The winner of the 2021-2022 Malott Prize for Recording Community Activism is The Water Defenders: How Ordinary People Saved a Country from Corporate Greed, by Robin Broad and John Cavanagh, Beacon Press (Boston), 2021.
Robin Broad and John Cavanagh describe the courageous work of activists protecting their communities in northern El Salvador. Their activism transcended the boundaries of their small, densely populated nation, bringing in groups from around the world, but they remained devoted, above all else, to preserving their community in the face of exploitation by vast corporate and banking interests. The Water Defenders is a tale of community organizing in the globalized Twenty-First Century. It is told with passion and sophistication by its authors, and stands as a tribute to the bravery of local and global activists who worked to preserve the resources—both natural and human—of communities in El Salvador. In doing so, the authors prove to be richly deserving of the Malott Prize for Recording Community Activism. – F.S.
– – – – –
The finalist of the 2021-2022 Malott Prize for Recording Community Activism is Paradise Falls: The True Story of an Environmental Catastrophe, by Keith O’Brien, Pantheon Books (New York), 2022.
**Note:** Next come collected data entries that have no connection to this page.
(* Let $b\ge 2$ and $n\ge 1$ be integers. Then $$\mathrm{Ap}(T_b(n),s_0)=\Big\{\sum_{j=1}^{n+1} t_j s_j \;:\; (t_1,\dots,t_{n+1})\in R_b(n)\Big\}.$$
   Context: For integers $b\ge 2$, $n\ge 0$, $i\ge0$ put $s_i=(b+1)b^{n+i}-1$ and $T_b(n)=\langle\{s_i:i\in\mathbb{N}\}\rangle$ (the submonoid of $(\mathbb{N},+)$ generated by the $s_i$; it is a numerical semigroup). For a numerical semigroup $S$ and $x\in S\setminus\{0\}$, the Apéry set is $\mathrm{Ap}(S,x)=\{s\in S : s-x\notin S\}$. $R_b(n)$ is the set of tuples $(t_1,\dots,t_{n+1})\in\{0,1,\dots,b\}^{n+1}$ satisfying: (i) $t_{n+1}\le b-1$; (ii) if $t_j=b$ for some $j$, then $t_i=0$ for all $i<j$; (iii) if $t_{n+1}=b-1$, then $t_n\le b-1$, and if moreover $t_n=b-1$, then $t_1=\dots=t_{n-1}=0$. *)

theory Defs
  imports Main
begin

inductive_set monoid_gen :: "nat set \<Rightarrow> nat set" for A :: "nat set" where
  zero: "0 \<in> monoid_gen A"
| add: "x \<in> monoid_gen A \<Longrightarrow> a \<in> A \<Longrightarrow> x + a \<in> monoid_gen A"

definition s_gen :: "nat \<Rightarrow> nat \<Rightarrow> nat \<Rightarrow> nat" where
  "s_gen b n i = (b + 1) * b ^ (n + i) - 1"

definition T_sg :: "nat \<Rightarrow> nat \<Rightarrow> nat set" where
  "T_sg b n = monoid_gen (range (s_gen b n))"

definition Apery :: "nat set \<Rightarrow> nat \<Rightarrow> nat set" where
  "Apery S x = {s \<in> S. \<not> (s \<ge> x \<and> s - x \<in> S)}"

text \<open>Tuples (t_1,...,t_{n+1}) represented as functions on {1..n+1}, zero elsewhere.\<close>
definition R_set :: "nat \<Rightarrow> nat \<Rightarrow> (nat \<Rightarrow> nat) set" where
  "R_set b n = {t. (\<forall>j. j \<notin> {1..n+1} \<longrightarrow> t j = 0)
     \<and> (\<forall>j\<in>{1..n+1}. t j \<le> b)
     \<and> t (n+1) \<le> b - 1
     \<and> (\<forall>j\<in>{1..n+1}. t j = b \<longrightarrow> (\<forall>i\<in>{1..<j}. t i = 0))
     \<and> (t (n+1) = b - 1 \<longrightarrow> t n \<le> b - 1 \<and>
          (t n = b - 1 \<longrightarrow> (\<forall>i\<in>{1..n-1}. t i = 0)))}"

end

theory Submission
  imports Defs "HOL-Number_Theory.Cong"
begin

text \<open>Write \<open>K = s\<^sub>1 - s\<^sub>0 = (b + 1) b\<^sup>n (b - 1)\<close> and \<open>e\<^sub>i = (b\<^sup>i - 1) / (b - 1) = repunit b i\<close>, so that
  \<open>s\<^sub>i = s\<^sub>0 + K e\<^sub>i\<close>. A sum of \<open>D\<close> generators is \<open>D s\<^sub>0 + K G\<close> where \<open>D + (b - 1) G\<close> is a sum
  of \<open>D\<close> powers of \<open>b\<close>, so its base-\<open>b\<close> digit sum is at most \<open>D\<close>. The tuples in \<open>R\<^sub>b(n)\<close> are
  exactly the greedy expansions \<open>g = \<Sum> t\<^sub>j e\<^sub>j\<close> of the residues \<open>0 \<le> g < s\<^sub>0\<close>, and a greedy
  expansion uses the fewest generators: if \<open>D + (b - 1) g\<close> has digit sum at most \<open>D\<close>, then
  \<open>\<Sum> t\<^sub>j \<le> D\<close>. As \<open>K\<close> and \<open>s\<^sub>0\<close> are coprime, this makes \<open>\<Sum> t\<^sub>j s\<^sub>j\<close> the least element of the
  semigroup in its residue class modulo \<open>s\<^sub>0\<close>.\<close>

section \<open>Digit sums and repunits\<close>

function digit_sum :: "nat \<Rightarrow> nat \<Rightarrow> nat" where
  "digit_sum b x = (if b \<le> 1 \<or> x = 0 then 0 else x mod b + digit_sum b (x div b))"
  by auto
termination by (relation "measure snd") auto
(* Let $p\le1/2$ and let $g,h\colon(\{0,1\}^n,\mu_p)\to\{0,1\}$ be cross-intersecting. Then \[\mu_p(h)\mu_p(g)\le\sum_{d=1}^n\left(\frac{p}{1-p}\right)^d|\langle h^{=d},g\rangle|,\] where the inner product is with respect to $\mu_p$.
   Context: $\mu_p$ is the $p$-biased product measure on $\{0,1\}^n$, $\mu_p(f)=\mathbb{E}_{\mu_p}f$, $\langle u,v\rangle=\mathbb{E}_{\mu_p}[uv]$. With $\chi_i(x)=\frac{x_i-p}{\sqrt{p(1-p)}}$ and $\chi_S=\prod_{i\in S}\chi_i$, $\hat h(S)=\langle h,\chi_S\rangle$ and $h^{=d}=\sum_{|S|=d}\hat h(S)\chi_S$. Identifying subsets of $[n]$ with points of $\{0,1\}^n$, $g,h$ are cross-intersecting if $A\cap B\ne\emptyset$ whenever $g(A)=1$ and $h(B)=1$. *)

theory Defs
  imports "HOL-Analysis.Analysis"
begin

text \<open>Points of the cube {0,1}^n are identified with subsets of {0..<n}.\<close>

definition cube :: "nat \<Rightarrow> nat set set" where
  "cube n = Pow {..<n}"

definition mu_weight :: "nat \<Rightarrow> real \<Rightarrow> nat set \<Rightarrow> real" where
  "mu_weight n p x = p ^ card x * (1 - p) ^ (n - card x)"

definition expect :: "nat \<Rightarrow> real \<Rightarrow> (nat set \<Rightarrow> real) \<Rightarrow> real" where
  "expect n p f = (\<Sum>x\<in>cube n. mu_weight n p x * f x)"

definition inner_p :: "nat \<Rightarrow> real \<Rightarrow> (nat set \<Rightarrow> real) \<Rightarrow> (nat set \<Rightarrow> real) \<Rightarrow> real" where
  "inner_p n p u v = expect n p (\<lambda>x. u x * v x)"

definition chi1 :: "real \<Rightarrow> nat \<Rightarrow> nat set \<Rightarrow> real" where
  "chi1 p i x = ((if i \<in> x then 1 else 0) - p) / sqrt (p * (1 - p))"

definition chi :: "real \<Rightarrow> nat set \<Rightarrow> nat set \<Rightarrow> real" where
  "chi p S x = (\<Prod>i\<in>S. chi1 p i x)"

definition fourier :: "nat \<Rightarrow> real \<Rightarrow> (nat set \<Rightarrow> real) \<Rightarrow> nat set \<Rightarrow> real" where
  "fourier n p h S = inner_p n p h (chi p S)"

definition level :: "nat \<Rightarrow> real \<Rightarrow> nat \<Rightarrow> (nat set \<Rightarrow> real) \<Rightarrow> nat set \<Rightarrow> real" where
  "level n p d h x = (\<Sum>S\<in>{S\<in>cube n. card S = d}. fourier n p h S * chi p S x)"

definition boolean_fun :: "nat \<Rightarrow> (nat set \<Rightarrow> real) \<Rightarrow> bool" where
  "boolean_fun n f \<longleftrightarrow> (\<forall>x\<in>cube n. f x = 0 \<or> f x = 1)"

definition cross_intersecting :: "nat \<Rightarrow> (nat set \<Rightarrow> real) \<Rightarrow> (nat set \<Rightarrow> real) \<Rightarrow> bool" where
  "cross_intersecting n g h \<longleftrightarrow>
     (\<forall>A\<in>cube n. \<forall>B\<in>cube n. g A = 1 \<longrightarrow> h B = 1 \<longrightarrow> A \<inter> B \<noteq> {})"

end

theory Submission
  imports Defs
begin

text \<open>Let \<open>q = p/(1-p)\<close>. The noise kernel
  \<open>K(x,y) = \<Sum>\<^sub>S (-q)^|S| \<chi>\<^sub>S(x) \<chi>\<^sub>S(y)\<close> factorises as \<open>\<Prod>\<^sub>i (1 - q \<chi>\<^sub>i(x) \<chi>\<^sub>i(y))\<close>,
  and the factor at any coordinate \<open>i \<in> x \<inter> y\<close> is \<open>1 - q (1-p)/p = 0\<close>. Since \<open>h(x) g(y) = 1\<close>
  forces \<open>x \<inter> y \<noteq> {}\<close>, this gives \<open>\<Sum>\<^sub>S (-q)^|S| \<hat>h(S) \<hat>g(S) = 0\<close>. Grouping by levels,
  the \<open>S = {}\<close> term \<open>\<mu>(h) \<mu>(g)\<close> equals minus the sum of the terms of degree \<open>d \<ge> 1\<close>,
  and the triangle inequality finishes the proof.\<close>

lemma chi1_mult_chi1_common:
  assumes "0 < p" "p < 1" "i \<in> x" "i \<in> y"
  shows "chi1 p i x * chi1 p i y = (1 - p) / p"
proof -
  have "chi1 p i x * chi1 p i y = (1 - p) ^ 2 / sqrt (p * (1 - p)) ^ 2"
    using assms(3,4) by (simp add: chi1_def power2_eq_square)
  also have "\<dots> = (1 - p) ^ 2 / (p * (1 - p))"
    using assms(1,2) by simp
  also have "\<dots> = (1 - p) / p"
    using assms(1,2) by (simp add: power2_eq_square)
  finally show ?thesis .
qed

lemma noise_kernel_eq_prod:
  "(\<Sum>S\<in>cube n. t ^ card S * (chi p S x * chi p S y))
     = (\<Prod>i<n. 1 + t * (chi1 p i x * chi1 p i y))"
proof -
  have "(\<Sum>S\<in>cube n. t ^ card S * (chi p S x * chi p S y))
      = (\<Sum>S\<in>Pow {..<n}. \<Prod>i\<in>S. t * (chi1 p i x * chi1 p i y))"
    unfolding cube_def chi_def by (simp add: prod.distrib)
  also have "\<dots> = (\<Prod>i<n. t * (chi1 p i x * chi1 p i y) + 1)"
    using prod_add[of "{..<n}" "\<lambda>i. t * (chi1 p i x * chi1 p i y)" "\<lambda>_. 1"] by simp
  finally show ?thesis by (simp add: add.commute)
qed

lemma noise_kernel_vanishes:
  assumes "0 < p" "p < 1" "x \<in> cube n" "x \<inter> y \<noteq> {}"
  shows "(\<Sum>S\<in>cube n. (- (p / (1 - p))) ^ card S * (chi p S x * chi p S y)) = 0"
proof -
  obtain i where i: "i \<in> x" "i \<in> y" using assms(4) by blast
  then have "i < n" using assms(3) by (auto simp: cube_def)
  moreover have "1 + - (p / (1 - p)) * (chi1 p i x * chi1 p i y) = 0"
    using chi1_mult_chi1_common[OF assms(1,2) i] assms(1,2) by (simp add: field_simps)
  ultimately show ?thesis
    unfolding noise_kernel_eq_prod by (intro prod_zero) auto
qed

lemma fourier_empty: "fourier n p u {} = expect n p u"
  by (simp add: fourier_def inner_p_def chi_def)

lemma inner_level:
  "inner_p n p (level n p d h) g
     = (\<Sum>S\<in>{S\<in>cube n. card S = d}. fourier n p h S * fourier n p g S)"
proof -
  have "inner_p n p (level n p d h) g
     = (\<Sum>x\<in>cube n. \<Sum>S\<in>{S\<in>cube n. card S = d}.
          fourier n p h S * (mu_weight n p x * (g x * chi p S x)))"
    unfolding inner_p_def expect_def level_def
    by (simp add: sum_distrib_left sum_distrib_right ac_simps)
  also have "\<dots> = (\<Sum>S\<in>{S\<in>cube n. card S = d}. \<Sum>x\<in>cube n.
          fourier n p h S * (mu_weight n p x * (g x * chi p S x)))"
    by (rule sum.swap)
  also have "\<dots> = (\<Sum>S\<in>{S\<in>cube n. card S = d}. fourier n p h S * fourier n p g S)"
    by (simp add: fourier_def inner_p_def expect_def sum_distrib_left)
  finally show ?thesis .
qed

lemma sum_cube_by_card:
  "(\<Sum>S\<in>cube n. f S) = (\<Sum>d=0..n. \<Sum>S\<in>{S\<in>cube n. card S = d}. f S)"
proof -
  have "card ` cube n \<subseteq> {0..n}"
    by (auto simp: cube_def intro: card_mono[of "{..<n}", simplified])
  then show ?thesis
    using sum.group[of "cube n" "{0..n}" card f] by (simp add: cube_def)
qed

lemma sum_levels_eq_noise:
  "(\<Sum>d=0..n. t ^ d * inner_p n p (level n p d h) g)
     = (\<Sum>S\<in>cube n. t ^ card S * (fourier n p h S * fourier n p g S))"
  unfolding sum_cube_by_card[where n = n] inner_level sum_distrib_left
  by (intro sum.cong) auto

lemma noise_form_eq_kernel:
  "(\<Sum>S\<in>cube n. t ^ card S * (fourier n p h S * fourier n p g S))
     = (\<Sum>x\<in>cube n. \<Sum>y\<in>cube n. (mu_weight n p x * h x) * (mu_weight n p y * g y) *
          (\<Sum>S\<in>cube n. t ^ card S * (chi p S x * chi p S y)))"
proof -
  have "(\<Sum>S\<in>cube n. t ^ card S * (fourier n p h S * fourier n p g S))
      = (\<Sum>S\<in>cube n. \<Sum>x\<in>cube n. \<Sum>y\<in>cube n. (mu_weight n p x * h x) * (mu_weight n p y * g y) *
          (t ^ card S * (chi p S x * chi p S y)))"
    unfolding fourier_def inner_p_def expect_def
    by (intro sum.cong refl) (simp add: sum_product sum_distrib_left mult_ac)
  also have "\<dots> = (\<Sum>x\<in>cube n. \<Sum>y\<in>cube n. \<Sum>S\<in>cube n.
          (mu_weight n p x * h x) * (mu_weight n p y * g y) * (t ^ card S * (chi p S x * chi p S y)))"
    by (subst sum.swap) (intro sum.cong refl sum.swap)
  finally show ?thesis by (simp add: sum_distrib_left)
qed

lemma cross_intersecting_noise_form_zero:
  assumes "0 < p" "p < 1" "boolean_fun n g" "boolean_fun n h" "cross_intersecting n g h"
  shows "(\<Sum>S\<in>cube n. (- (p / (1 - p))) ^ card S * (fourier n p h S * fourier n p g S)) = 0"
  unfolding noise_form_eq_kernel
proof (intro sum.neutral ballI)
  fix x y assume x: "x \<in> cube n" and y: "y \<in> cube n"
  show "mu_weight n p x * h x * (mu_weight n p y * g y) *
          (\<Sum>S\<in>cube n. (- (p / (1 - p))) ^ card S * (chi p S x * chi p S y)) = 0"
  proof (cases "h x = 1 \<and> g y = 1")
    case True
    then have "x \<inter> y \<noteq> {}"
      using assms(5) x y unfolding cross_intersecting_def by blast
    then show ?thesis using noise_kernel_vanishes[OF assms(1,2) x] by simp
  next
    case False
    then have "h x = 0 \<or> g y = 0" using assms(3,4) x y unfolding boolean_fun_def by auto
    then show ?thesis by auto
  qed
qed

theorem mainTheorem17:
  fixes n :: nat and p :: real and g h :: "nat set \<Rightarrow> real"
  assumes "0 < p" and "p \<le> 1/2"
    and "boolean_fun n g" and "boolean_fun n h"
    and "cross_intersecting n g h"
  shows "expect n p h * expect n p g
           \<le> (\<Sum>d=1..n. (p / (1 - p)) ^ d * \<bar>inner_p n p (level n p d h) g\<bar>)"
proof -
  define q where "q = p / (1 - p)"
  define a where "a d = (- q) ^ d * inner_p n p (level n p d h) g" for d
  have "q \<ge> 0" using assms(1,2) by (simp add: q_def)
  have "{S\<in>cube n. card S = 0} = {{}}"
    using finite_subset[of _ "{..<n}"] by (auto simp: cube_def)
  then have a0: "a 0 = expect n p h * expect n p g"
    by (simp add: a_def inner_level fourier_empty)
  have "(\<Sum>d=0..n. a d) = 0"
    \<comment> \<open>of \<open>p \<le> 1/2\<close> only \<open>p < 1\<close> is needed\<close>
    using cross_intersecting_noise_form_zero[OF assms(1) _ assms(3-5)] assms(2)
    by (simp add: a_def q_def sum_levels_eq_noise)
  then have "expect n p h * expect n p g = - (\<Sum>d=1..n. a d)"
    by (simp add: sum.atLeast_Suc_atMost a0)
  also have "\<dots> \<le> (\<Sum>d=1..n. \<bar>a d\<bar>)"
    using sum_abs[of a "{1..n}"] by linarith
  also have "\<dots> = (\<Sum>d=1..n. q ^ d * \<bar>inner_p n p (level n p d h) g\<bar>)"
    using \<open>q \<ge> 0\<close> by (simp add: a_def abs_mult power_abs)
  finally show ?thesis unfolding q_def .
qed

end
Keith O’Brien provides a vivid account of community activism in the infamous case that has come to be known as “Love Canal.” In Paradise Falls, he combines a novelistic narrative with a reporter’s eye to detail, to bring out the drama of a community besieged by environmental catastrophe, and their desperate, and ultimately heroic, efforts to hold corporations and governments accountable. His account seamlessly links their fight to larger political developments, but it never loses sight of the aspirations of people living in the community of Niagara Falls, NY, and their fight for justice. – F.S.